Six months later, I get a job interview at DPL! I decide to check to make sure I don't still owe any fees and I do. Somehow the book was lost. I decide to charge the fees with the last of my credit line so that it hopefully doesn't come up during my interview. Interview goes poorly. I don't get the job. I still haven't read On Beauty.

Finally, three years later I get a lovely paperback copy from a nice girl in Japan via bookmooch. My only successful bookmooch acquisition in fact. And then a year later I read it.

I enjoyed it but I feel like maybe it was saying things about art, beauty, and academia that I wasn't fully understanding. From my own experience I understand that academia is it's own bubble, safe from the problems and realities of the outside world. I'm happy I didn't go to school in a college town like the one in the novel. But I did go to a school in one of the most educated cities in the United States. I overhear so many conversations that I think anywhere else they might verge on pretentious but here they fit right in. Ha! Or maybe D-town is just one big pretentious love fest?

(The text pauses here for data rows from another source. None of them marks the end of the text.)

text \<open>Substitute \<open>y = x t\<close>, swap the integrals, substitute \<open>x = r / sqrt (1 + t\<^sup>2)\<close> and finally
  \<open>t = tan \<theta>\<close>; the Jacobians \<open>x\<close> and \<open>1 / (1 + t\<^sup>2)\<close> combine to the polar factor \<open>r\<close>.\<close>
lemma nn_integral_polar_right_half_plane:
  fixes F :: "real \<Rightarrow> real \<Rightarrow> ennreal"
  assumes [measurable]: "(\<lambda>(x, y). F x y) \<in> borel_measurable (borel \<Otimes>\<^sub>M borel)"
  shows "(\<integral>\<^sup>+x. indicator {0<..} x * (\<integral>\<^sup>+y. F x y \<partial>lborel) \<partial>lborel) =
         (\<integral>\<^sup>+r. indicator {0<..} r * ennreal r *
             (\<integral>\<^sup>+\<theta>. indicator {-pi/2<..<pi/2} \<theta> * F (r * cos \<theta>) (r * sin \<theta>) \<partial>lborel) \<partial>lborel)"
proof -
  define c where "c t = 1 / sqrt (1 + t\<^sup>2)" for t :: real
  have c_pos: "c t > 0" for t unfolding c_def by (simp add: add_pos_nonneg)
  have c2: "c t * c t = 1 / (1 + t\<^sup>2)" for t
    unfolding c_def by (simp add: add_pos_nonneg)
  have [measurable]: "c \<in> borel_measurable borel" unfolding c_def by measurable
  have scale: "indicator {0<..} x * (\<integral>\<^sup>+y. F x y \<partial>lborel) =
            (\<integral>\<^sup>+t. indicator {0<..} x * ennreal x * F x (x * t) \<partial>lborel)" for x
  proof (cases "x > 0")
    case True
    have "(\<integral>\<^sup>+y. F x y \<partial>lborel) = ennreal \<bar>x\<bar> * (\<integral>\<^sup>+t. F x (0 + x * t) \<partial>lborel)"
      by (rule nn_integral_real_affine) (use True in auto)
    then show ?thesis using True by (simp add: nn_integral_cmult)
  qed simp
  have "(\<integral>\<^sup>+x. indicator {0<..} x * (\<integral>\<^sup>+y. F x y \<partial>lborel) \<partial>lborel) =
        (\<integral>\<^sup>+x. \<integral>\<^sup>+t. indicator {0<..} x * ennreal x * F x (x * t) \<partial>lborel \<partial>lborel)"
    by (simp only: scale)
  also have "\<dots> = (\<integral>\<^sup>+t. \<integral>\<^sup>+x. indicator {0<..} x * ennreal x * F x (x * t) \<partial>lborel \<partial>lborel)"
    by (rule lborel_pair.Fubini') measurable
  also have "\<dots> = (\<integral>\<^sup>+t. \<integral>\<^sup>+r. indicator {0<..} r * ennreal r * (ennreal (1 / (1 + t\<^sup>2)) * F (r * c t) (r * c t * t)) \<partial>lborel \<partial>lborel)"
  proof (rule nn_integral_cong)
    fix t :: real
    have "(\<integral>\<^sup>+x. indicator {0<..} x * ennreal x * F x (x * t) \<partial>lborel) =
          ennreal \<bar>c t\<bar> * (\<integral>\<^sup>+r. indicator {0<..} (0 + c t * r) * ennreal (0 + c t * r) * F (0 + c t * r) ((0 + c t * r) * t) \<partial>lborel)"
      by (rule nn_integral_real_affine) (use c_pos[of t] in auto)
    also have "\<dots> = (\<integral>\<^sup>+r. indicator {0<..} r * ennreal r * (ennreal (1 / (1 + t\<^sup>2)) * F (r * c t) (r * c t * t)) \<partial>lborel)"
      using c_pos[of t]
      by (subst nn_integral_cmult[symmetric]) 
         (auto intro!: nn_integral_cong simp: c2[symmetric] ennreal_mult less_imp_le zero_less_mult_iff
               mult_ac split: split_indicator)
    finally show "(\<integral>\<^sup>+x. indicator {0<..} x * ennreal x * F x (x * t) \<partial>lborel) = \<dots>" .
  qed
  also have "\<dots> = (\<integral>\<^sup>+r. \<integral>\<^sup>+t. indicator {0<..} r * ennreal r * (ennreal (1 / (1 + t\<^sup>2)) * F (r * c t) (r * c t * t)) \<partial>lborel \<partial>lborel)"
    by (rule lborel_pair.Fubini') measurable
  also have "\<dots> = (\<integral>\<^sup>+r. indicator {0<..} r * ennreal r *
             (\<integral>\<^sup>+\<theta>. indicator {-pi/2<..<pi/2} \<theta> * F (r * cos \<theta>) (r * sin \<theta>) \<partial>lborel) \<partial>lborel)"
  proof (rule nn_integral_cong)
    fix r :: real
    have "(\<integral>\<^sup>+\<theta>. indicator {-pi/2<..<pi/2} \<theta> * F (r * cos \<theta>) (r * sin \<theta>) \<partial>lborel)
       = (\<integral>\<^sup>+\<theta>. F (r * cos \<theta>) (r * sin \<theta>) * indicator {-pi/2<..<pi/2} \<theta> \<partial>lborel)"
      by (simp add: mult.commute)
    also have "\<dots> = (\<integral>\<^sup>+t. F (r * cos (arctan t)) (r * sin (arctan t)) * ennreal (1 / (1 + t\<^sup>2)) \<partial>lborel)"
      by (rule nn_integral_arctan_substitution) measurable
    also have "\<dots> = (\<integral>\<^sup>+t. ennreal (1 / (1 + t\<^sup>2)) * F (r * c t) (r * c t * t) \<partial>lborel)"
      by (auto simp: cos_arctan sin_arctan c_def mult.commute intro!: nn_integral_cong)
    finally show "(\<integral>\<^sup>+t. indicator {0<..} r * ennreal r * (ennreal (1 / (1 + t\<^sup>2)) * F (r * c t) (r * c t * t)) \<partial>lborel) = indicator {0<..} r * ennreal r *
             (\<integral>\<^sup>+\<theta>. indicator {-pi/2<..<pi/2} \<theta> * F (r * cos \<theta>) (r * sin \<theta>) \<partial>lborel)"
      by (simp add: nn_integral_cmult)
  qed
  finally show ?thesis .
qed

lemma nn_integral_shift_interval:
  fixes f :: "real \<Rightarrow> ennreal"
  assumes [measurable]: "f \<in> borel_measurable borel"
  shows "(\<integral>\<^sup>+\<theta>. indicator {a<..<b} \<theta> * f (\<theta> + s) \<partial>lborel) = (\<integral>\<^sup>+\<phi>. indicator {a+s<..<b+s} \<phi> * f \<phi> \<partial>lborel)"
proof -
  have "(\<integral>\<^sup>+\<phi>. indicator {a+s<..<b+s} \<phi> * f \<phi> \<partial>lborel) = ennreal \<bar>1\<bar> * (\<integral>\<^sup>+\<theta>. indicator {a+s<..<b+s} (s + 1 * \<theta>) * f (s + 1 * \<theta>) \<partial>lborel)"
    by (rule nn_integral_real_affine) auto
  also have "\<dots> = (\<integral>\<^sup>+\<theta>. indicator {a<..<b} \<theta> * f (\<theta> + s) \<partial>lborel)"
    by (auto intro!: nn_integral_cong split: split_indicator simp: add.commute)
  finally show ?thesis ..
qed

lemma nn_integral_reflect:
  fixes f :: "real \<Rightarrow> ennreal"
  assumes [measurable]: "f \<in> borel_measurable borel"
  shows "(\<integral>\<^sup>+x. f x \<partial>lborel) = (\<integral>\<^sup>+x. f (- x) \<partial>lborel)"
  using nn_integral_real_affine[of f "-1" 0] by simp

lemma nn_integral_split_at_0:
  fixes f :: "real \<Rightarrow> ennreal"
  assumes [measurable]: "f \<in> borel_measurable borel"
  shows "(\<integral>\<^sup>+x. f x \<partial>lborel) = (\<integral>\<^sup>+x. indicator {0<..} x * f x \<partial>lborel) + (\<integral>\<^sup>+x. indicator {0<..} x * f (- x) \<partial>lborel)"
proof -
  have "(\<integral>\<^sup>+x. f x \<partial>lborel) = (\<integral>\<^sup>+x. indicator {0<..} x * f x + indicator {..<0} x * f x \<partial>lborel)"
    by (rule nn_integral_cong_AE) (use AE_lborel_singleton[of 0] in \<open>auto split: split_indicator\<close>)
  also have "\<dots> = (\<integral>\<^sup>+x. indicator {0<..} x * f x \<partial>lborel) + (\<integral>\<^sup>+x. indicator {..<0} x * f x \<partial>lborel)"
    by (rule nn_integral_add) auto
  also have "(\<integral>\<^sup>+x. indicator {..<0} x * f x \<partial>lborel) = (\<integral>\<^sup>+x. indicator {..<0} (- x) * f (- x) \<partial>lborel)"
    by (rule nn_integral_reflect) auto
  also have "\<dots> = (\<integral>\<^sup>+x. indicator {0<..} x * f (- x) \<partial>lborel)"
    by (auto intro!: nn_integral_cong split: split_indicator)
  finally show ?thesis .
qed

lemma nn_integral_polar_upper_half_plane:
  fixes F :: "real \<Rightarrow> real \<Rightarrow> ennreal"
  assumes [measurable]: "(\<lambda>(x, y). F x y) \<in> borel_measurable (borel \<Otimes>\<^sub>M borel)"
  shows "(\<integral>\<^sup>+y. indicator {0<..} y * (\<integral>\<^sup>+x. F x y \<partial>lborel) \<partial>lborel) =
         (\<integral>\<^sup>+r. indicator {0<..} r * ennreal r *
             (\<integral>\<^sup>+\<theta>. indicator {0<..<pi} \<theta> * F (r * cos \<theta>) (r * sin \<theta>) \<partial>lborel) \<partial>lborel)"
proof -
  have "(\<integral>\<^sup>+y. indicator {0<..} y * (\<integral>\<^sup>+x. F x y \<partial>lborel) \<partial>lborel) =
        (\<integral>\<^sup>+y. indicator {0<..} y * (\<integral>\<^sup>+x. F (- x) y \<partial>lborel) \<partial>lborel)"
    by (subst nn_integral_reflect) (auto intro!: nn_integral_cong)
  also have "\<dots> = (\<integral>\<^sup>+r. indicator {0<..} r * ennreal r *
             (\<integral>\<^sup>+\<theta>. indicator {-pi/2<..<pi/2} \<theta> * F (- (r * sin \<theta>)) (r * cos \<theta>) \<partial>lborel) \<partial>lborel)"
    by (rule nn_integral_polar_right_half_plane) measurable
  also have "\<dots> = (\<integral>\<^sup>+r. indicator {0<..} r * ennreal r *
             (\<integral>\<^sup>+\<theta>. indicator {0<..<pi} \<theta> * F (r * cos \<theta>) (r * sin \<theta>) \<partial>lborel) \<partial>lborel)"
  proof (rule nn_integral_cong, rule arg_cong[where f="\<lambda>z. _ * z"])
    fix r :: real
    have "(\<integral>\<^sup>+\<theta>. indicator {-pi/2<..<pi/2} \<theta> * F (- (r * sin \<theta>)) (r * cos \<theta>) \<partial>lborel)
        = (\<integral>\<^sup>+\<theta>. indicator {-pi/2<..<pi/2} \<theta> * F (r * cos (\<theta> + pi/2)) (r * sin (\<theta> + pi/2)) \<partial>lborel)"
      by (auto simp: cos_add sin_add intro!: nn_integral_cong)
    also have "\<dots> = (\<integral>\<^sup>+\<theta>. indicator {-pi/2+pi/2<..<pi/2+pi/2} \<theta> * F (r * cos \<theta>) (r * sin \<theta>) \<partial>lborel)"
      by (rule nn_integral_shift_interval) measurable
    finally show "(\<integral>\<^sup>+\<theta>. indicator {-pi/2<..<pi/2} \<theta> * F (- (r * sin \<theta>)) (r * cos \<theta>) \<partial>lborel) =
                  (\<integral>\<^sup>+\<theta>. indicator {0<..<pi} \<theta> * F (r * cos \<theta>) (r * sin \<theta>) \<partial>lborel)" by simp
  qed
  finally show ?thesis .
qed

I do love Smith's ability to draw complex characters with believable attributes. Each character has his or her own distinct voice and in many ways resemble people that I know, or could know. She also does something that I found refreshing - she approaches questions of identity in a realistic way. Her characters have multiple identities, multiple roles they play and they all handle them differently. The identity crises that occur throughout the novel are nuanced and manage to steer clear of being stereotypical. And while Smith is slowly unpacking all of these characters and asking questions about the world they live in, she still manages to be funny.